With the exception of R Shiny programming, there was nothing about this course that required any real knowledge of anything in any course of the JHU Data Science certificate track. Why do you ask? Well, most of the class was just about learning natural language processing (NLP), which wasn't covered. What about R programming, you ask? Most of the NLP packages in R that I tested out couldn't process a 200MB text file in a reasonable amount of time or with a reasonable memory footprint. I ran Python and R programs in parallel to do sentence and word tokenization, and Python's nltk was (not exaggerating) 100x faster than R's NLP package, and R's tm package took 4GB of memory to parse the same 200MB corpus. In 2018, that's just unacceptable. There's no way you could ever write production-quality NLP code using these R packages. After the course was finished, someone pointed out an R package that could adequately accomplish the task, but by then it was far too late. Even R's basic data structures themselves weren't up to the challenge. I ended up building my model in Python, exporting it as JSON, and then importing that into my Shiny app. Comparing basic data structures in Python and R to represent the same JSON file (i.e., just read in the file and measure the size of the resulting object), R's list was nearly 2x as large in RAM than Python's dict. All of this combined with really very little reference to most of the material in the other nine classes in this track left me very disappointed.
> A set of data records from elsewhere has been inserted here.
lemma C_hat_concentration:
  assumes h: "haar_U2 \<mu>" and S: "S \<subseteq> {1..n}" and pure: "pure_state n \<psi>"
    and K: "K \<ge> 2" and L: "L \<ge> 1" and \<epsilon>: "\<epsilon> > 0" and \<delta>: "0 < \<delta>"
    and L_ge: "real L \<ge> (1/2) * (9/4) ^ card S * ln (2 / \<delta>) / \<epsilon>\<^sup>2"
  shows "measure (exp_measure n S K L \<mu> \<psi>)
           {\<omega> \<in> space (exp_measure n S K L \<mu> \<psi>). \<bar>C_hat S K L \<omega> - conc_ent n \<psi> S\<bar> \<ge> \<epsilon>} \<le> \<delta>"
proof -
  let ?R = "round_measure n S K \<mu> \<psi>" and ?E = "exp_measure n S K L \<mu> \<psi>"
  let ?f = "\<lambda>x. S_hat K (snd x)"
  define k :: real where "k = (3/2) ^ card S"
  have k: "k > 0" "k\<^sup>2 = (9/4) ^ card S"
    by (simp_all add: k_def power2_eq_square power_mult_distrib[symmetric])
  have R: "prob_space ?R"
    by (rule prob_space_round_measure[OF h S pure])
  have mean: "(\<integral>x. ?f x \<partial>?R) = (\<Sum>\<alpha>\<in>Pow S. purity n \<psi> \<alpha>) / 3 ^ card S"
    by (rule integral_round_S_hat[OF h S pure K])
  have "C_hat S K L \<omega> - conc_ent n \<psi> S = k * ((\<integral>x. ?f x \<partial>?R) - (\<Sum>l\<in>{1..L}. ?f (\<omega> l)) / card {1..L})"
    for \<omega>
    unfolding C_hat_eq_mean conc_ent_eq_mean_purity mean k_def[symmetric] by (simp add: algebra_simps)
  then have "\<bar>C_hat S K L \<omega> - conc_ent n \<psi> S\<bar> = k * \<bar>(\<Sum>l\<in>{1..L}. ?f (\<omega> l)) / card {1..L} - (\<integral>x. ?f x \<partial>?R)\<bar>"
    for \<omega>
    using k by (simp add: abs_mult abs_minus_commute)
  then have "measure ?E {\<omega> \<in> space ?E. \<bar>C_hat S K L \<omega> - conc_ent n \<psi> S\<bar> \<ge> \<epsilon>}
      = measure ?E {\<omega> \<in> space ?E. \<bar>(\<Sum>l\<in>{1..L}. ?f (\<omega> l)) / card {1..L} - (\<integral>x. ?f x \<partial>?R)\<bar> \<ge> \<epsilon> / k}"
    using k by (simp add: pos_divide_le_eq mult.commute)
  also have "\<dots> \<le> 2 * exp (- 2 * real (card {1..L}) * (\<epsilon> / k)\<^sup>2 / (1 - 0)\<^sup>2)"
    unfolding exp_measure_def
    using \<epsilon> k L
    by (intro PiM_Hoeffding_abs_ge[OF R] AE_I2 measurable_S_hat_round)
      (auto simp: S_hat_nonneg S_hat_le_1[OF K])
  also have "\<dots> \<le> \<delta>"
  proof -
    have "ln (2 / \<delta>) / (2 * (\<epsilon> / k)\<^sup>2) = (1/2) * (9/4) ^ card S * ln (2 / \<delta>) / \<epsilon>\<^sup>2"
      using k \<epsilon> by (simp add: power_divide field_simps)
    then show ?thesis
      using Hoeffding_sample_size[OF \<delta>, of "\<epsilon> / k" "real L"] \<epsilon> k L_ge by simp
  qed
  finally show ?thesis .
qed

theorem theorem1:
  shows "(\<forall>n \<psi> S K L \<mu>.
            pure_state n \<psi> \<and> S \<subseteq> {1..n} \<and> S \<noteq> {} \<and> K \<ge> 2 \<and> L \<ge> 1 \<and> haar_U2 \<mu> \<longrightarrow>
              integrable (exp_measure n S K L \<mu> \<psi>) (C_hat S K L) \<and>
              (\<integral>\<omega>. C_hat S K L \<omega> \<partial>exp_measure n S K L \<mu> \<psi>) = conc_ent n \<psi> S)
       \<and> (\<exists>c>0. \<forall>n \<psi> S K L \<mu> (\<epsilon>::real) (\<delta>::real).
            pure_state n \<psi> \<and> S \<subseteq> {1..n} \<and> S \<noteq> {} \<and> K \<ge> 2 \<and> L \<ge> 1 \<and> haar_U2 \<mu> \<and>
            \<epsilon> > 0 \<and> 0 < \<delta> \<and> \<delta> < 1 \<and>
            real L \<ge> c * (9/4) ^ card S * ln (2 / \<delta>) / \<epsilon>^2 \<longrightarrow>
              measure (exp_measure n S K L \<mu> \<psi>)
                {\<omega> \<in> space (exp_measure n S K L \<mu> \<psi>). \<bar>C_hat S K L \<omega> - conc_ent n \<psi> S\<bar> \<ge> \<epsilon>} \<le> \<delta>)"
proof (intro conjI exI[of _ "1/2"] allI impI, goal_cases)
  case (1 n \<psi> S K L \<mu>)
  show ?case
    by (rule C_hat_unbiased(1)) (use 1 in auto)
next
  case (2 n \<psi> S K L \<mu>)
  show ?case
    by (rule C_hat_unbiased(2)) (use 2 in auto)
next
  case 3
  show ?case
    by simp
next
  case (4 n \<psi> S K L \<mu> \<epsilon> \<delta>)
  show ?case
    by (rule C_hat_concentration) (use 4 in auto)
qed

end
lemma integral_mtgc_xbarj_step_power2_le:
  fixes x0 :: 'a and t :: nat and \<gamma> :: real
  assumes j: "j < N" and e: "e < E"
  defines "xb \<equiv> \<lambda>\<omega>. mtgc_xbarj gF C N E H \<gamma> x0 (sample_path \<xi> \<omega>) j t e"
    and "x \<equiv> \<lambda>i h \<omega>. mtgc_x gF C N E H \<gamma> x0 (sample_path \<xi> \<omega>) j t e i h"
    and "xh \<equiv> \<lambda>\<omega>. mtgc_xhat gF C N E H \<gamma> x0 (sample_path \<xi> \<omega>) t e"
    and "y \<equiv> \<lambda>\<omega>. mtgc_y gF C N E H \<gamma> x0 (sample_path \<xi> \<omega>) t j"
    and "n \<equiv> real (card (C j))"
  shows "(\<integral>\<omega>. (norm (mtgc_xbarj gF C N E H \<gamma> x0 (sample_path \<xi> \<omega>) j t (Suc e) - xb \<omega>))\<^sup>2 \<partial>M)
    \<le> 8 * \<gamma>\<^sup>2 * real H * L\<^sup>2 * ((1 / n) * (\<Sum>i\<in>C j. \<Sum>h<H. \<integral>\<omega>. (norm (xb \<omega> - x i h \<omega>))\<^sup>2 \<partial>M))
      + 8 * \<gamma>\<^sup>2 * (real H)\<^sup>2 * L\<^sup>2 * (\<integral>\<omega>. (norm (xh \<omega> - xb \<omega>))\<^sup>2 \<partial>M)
      + 8 * \<gamma>\<^sup>2 * (real H)\<^sup>2 * (\<integral>\<omega>. (norm (y \<omega> + grad_fj GF C j (xh \<omega>) - grad_f GF C N (xh \<omega>)))\<^sup>2 \<partial>M)
      + 8 * \<gamma>\<^sup>2 * (real H)\<^sup>2 * (\<integral>\<omega>. (norm (grad_f GF C N (xh \<omega>)))\<^sup>2 \<partial>M)
      + 2 * \<gamma>\<^sup>2 * real H * (1 / n) * \<sigma>\<^sup>2"
    (is "(\<integral>\<omega>. (norm (?xb' \<omega> - xb \<omega>))\<^sup>2 \<partial>M) \<le> _")
proof -
  have C: "finite (C j)" "C j \<noteq> {}" using C_fin[OF j] C_ne[OF j] .
  then have n: "n > 0" unfolding n_def by (simp add: card_gt_0_iff)
  define T where "T \<omega> = (\<Sum>h<H. \<Sum>i\<in>C j. gF i (x i h \<omega>) (\<xi> i t e h \<omega>) - GF i (x i h \<omega>))" for \<omega>
  define R where "R \<omega> = 2 * \<gamma>\<^sup>2 / n\<^sup>2 * (norm (T \<omega>))\<^sup>2
      + 8 * \<gamma>\<^sup>2 * real H * L\<^sup>2 * ((1 / n) * (\<Sum>i\<in>C j. \<Sum>h<H. (norm (xb \<omega> - x i h \<omega>))\<^sup>2))
      + 8 * \<gamma>\<^sup>2 * (real H)\<^sup>2 * (L\<^sup>2 * (norm (xh \<omega> - xb \<omega>))\<^sup>2
        + (norm (y \<omega> + grad_fj GF C j (xh \<omega>) - grad_f GF C N (xh \<omega>)))\<^sup>2 + (norm (grad_f GF C N (xh \<omega>)))\<^sup>2)" for \<omega>
  have pw: "(norm (?xb' \<omega> - xb \<omega>))\<^sup>2 \<le> R \<omega>" for \<omega>
    using norm_mtgc_xbarj_step_power2_le[where C=C and j=j and G=GF, OF C A1[OF j],
        where g=gF and N=N and E=E and H=H and \<gamma>=\<gamma> and x_init=x0 and xi="sample_path \<xi> \<omega>"
        and t=t and e=e and xh="xh \<omega>" and v="grad_f GF C N (xh \<omega>)"]
    unfolding R_def T_def xb_def x_def y_def n_def grad_fj_def by (simp add: sample_path_def)
  let ?K = "past t (Suc e) 0"
  note L2 = history_L2_mtgc_step[OF j e]
  have L2_xb: "history_L2 ?K xb" and L2_xb': "history_L2 ?K ?xb'" and L2_xh: "history_L2 ?K xh"
    and L2_y: "history_L2 ?K y"
    unfolding xb_def xh_def y_def using L2 by simp_all
  have L2_x: "history_L2 ?K (x i h)" if "i \<in> C j" "h \<le> H" for i h
    unfolding x_def by (rule L2(3)[OF that])
  note integrable = history_L2_integrable_norm_power2
  have int_Q: "integrable M (\<lambda>\<omega>. (norm (xb \<omega> - x i h \<omega>))\<^sup>2)" if "i \<in> C j" "h < H" for i h
    using that by (intro integrable[OF history_L2_diff[OF L2_xb L2_x]]) auto
  have int_D: "integrable M (\<lambda>\<omega>. (norm (xh \<omega> - xb \<omega>))\<^sup>2)"
    by (rule integrable[OF history_L2_diff[OF L2_xh L2_xb]])
  have int_Y: "integrable M (\<lambda>\<omega>. (norm (y \<omega> + grad_fj GF C j (xh \<omega>) - grad_f GF C N (xh \<omega>)))\<^sup>2)"
    by (rule integrable[OF history_L2_diff[OF history_L2_add[OF L2_y history_L2_grad_fj[OF j L2_xh]]
          history_L2_grad_f[OF L2_xh]]])
  have int_G: "integrable M (\<lambda>\<omega>. (norm (grad_f GF C N (xh \<omega>)))\<^sup>2)"
    by (rule integrable[OF history_L2_grad_f[OF L2_xh]])
  have noise: "integrable M (\<lambda>\<omega>. (norm (T \<omega>))\<^sup>2)" "(\<integral>\<omega>. (norm (T \<omega>))\<^sup>2 \<partial>M) \<le> real H * n * \<sigma>\<^sup>2"
    using mtgc_noise_power2_le[OF j e, where x_init=x0 and t=t and \<gamma>=\<gamma>]
    unfolding T_def x_def n_def by simp_all
  have "integrable M R"
    unfolding R_def using int_Q int_D int_Y int_G noise(1)
    by (intro Bochner_Integration.integrable_add integrable_mult_right Bochner_Integration.integrable_sum) auto
  then have "(\<integral>\<omega>. (norm (?xb' \<omega> - xb \<omega>))\<^sup>2 \<partial>M) \<le> (\<integral>\<omega>. R \<omega> \<partial>M)"
    by (intro integral_mono pw integrable[OF history_L2_diff[OF L2_xb' L2_xb]])
  also have "(\<integral>\<omega>. R \<omega> \<partial>M) = 2 * \<gamma>\<^sup>2 / n\<^sup>2 * (\<integral>\<omega>. (norm (T \<omega>))\<^sup>2 \<partial>M)
      + 8 * \<gamma>\<^sup>2 * real H * L\<^sup>2 * ((1 / n) * (\<Sum>i\<in>C j. \<Sum>h<H. \<integral>\<omega>. (norm (xb \<omega> - x i h \<omega>))\<^sup>2 \<partial>M))
      + 8 * \<gamma>\<^sup>2 * (real H)\<^sup>2 * (L\<^sup>2 * (\<integral>\<omega>. (norm (xh \<omega> - xb \<omega>))\<^sup>2 \<partial>M)
        + (\<integral>\<omega>. (norm (y \<omega> + grad_fj GF C j (xh \<omega>) - grad_f GF C N (xh \<omega>)))\<^sup>2 \<partial>M)
        + (\<integral>\<omega>. (norm (grad_f GF C N (xh \<omega>)))\<^sup>2 \<partial>M))"
  proof -
    have "(\<integral>\<omega>. (\<Sum>i\<in>C j. \<Sum>h<H. (norm (xb \<omega> - x i h \<omega>))\<^sup>2) \<partial>M)
        = (\<Sum>i\<in>C j. \<integral>\<omega>. (\<Sum>h<H. (norm (xb \<omega> - x i h \<omega>))\<^sup>2) \<partial>M)"
      using int_Q by (intro Bochner_Integration.integral_sum Bochner_Integration.integrable_sum) auto
    also have "\<dots> = (\<Sum>i\<in>C j. \<Sum>h<H. \<integral>\<omega>. (norm (xb \<omega> - x i h \<omega>))\<^sup>2 \<partial>M)"
      using int_Q by (intro sum.cong refl Bochner_Integration.integral_sum) auto
    finally have sum_Q: "(\<integral>\<omega>. (\<Sum>i\<in>C j. \<Sum>h<H. (norm (xb \<omega> - x i h \<omega>))\<^sup>2) \<partial>M)
        = (\<Sum>i\<in>C j. \<Sum>h<H. \<integral>\<omega>. (norm (xb \<omega> - x i h \<omega>))\<^sup>2 \<partial>M)" .
    have int_sum_Q: "integrable M (\<lambda>\<omega>. \<Sum>i\<in>C j. \<Sum>h<H. (norm (xb \<omega> - x i h \<omega>))\<^sup>2)"
      using int_Q by (intro Bochner_Integration.integrable_sum) auto
    show ?thesis
      unfolding R_def using int_sum_Q int_D int_Y int_G noise(1)
      by (simp add: sum_Q del: integral_sum')
  qed
  also have "2 * \<gamma>\<^sup>2 / n\<^sup>2 * (\<integral>\<omega>. (norm (T \<omega>))\<^sup>2 \<partial>M) \<le> 2 * \<gamma>\<^sup>2 * real H * (1 / n) * \<sigma>\<^sup>2"
  proof -
    have "2 * \<gamma>\<^sup>2 / n\<^sup>2 * (\<integral>\<omega>. (norm (T \<omega>))\<^sup>2 \<partial>M) \<le> 2 * \<gamma>\<^sup>2 / n\<^sup>2 * (real H * n * \<sigma>\<^sup>2)"
      using noise(2) by (intro mult_left_mono) auto
    also have "\<dots> = 2 * \<gamma>\<^sup>2 * real H * (1 / n) * \<sigma>\<^sup>2"
      using n by (simp add: power2_eq_square)
    finally show ?thesis .
  qed
  finally show ?thesis
    by (simp add: algebra_simps)
qed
The reason I gave the class two stars and not one was because what we did learn about NLP was useful. Having to solve a gnarly, real-world problem starting from raw data is useful. Having to write an app with actual users interacting with it is useful. But could just about everything about this class have been done a lot better? Yes. I think a machine learning project that tied together everything that we'd worked on up until this point would have been a lot more fun and rewarding.

por Leo C

23 de Jul de 2020

Sadly disappointed. I can see how this worked before, when most people were active on the forums, but now it's extremely frustrating. Not because it's hard, I do not mind that, but because you really have to DIG through the forums to find vital information.

For instance, there are two quizes, you need 80 % or more to pass. However, the app you are simulating only get 20-30 % on such quizes, and you're not REALLY supposed to get that high. That's in the forums, but not on the quiz itself.

Also, very few things you've learned in the ML part of the specialization is actually used, and they specifically points you to a MOOC by another university. That's not very comforting.

The good part though is that the actual final exam does not really need good predictions to work, just an app that functions as you say it does. My tip? Look at the NLP, google a bit and learn the basics, then make an app that's as simple as possible - Then learn NLP with some guidance.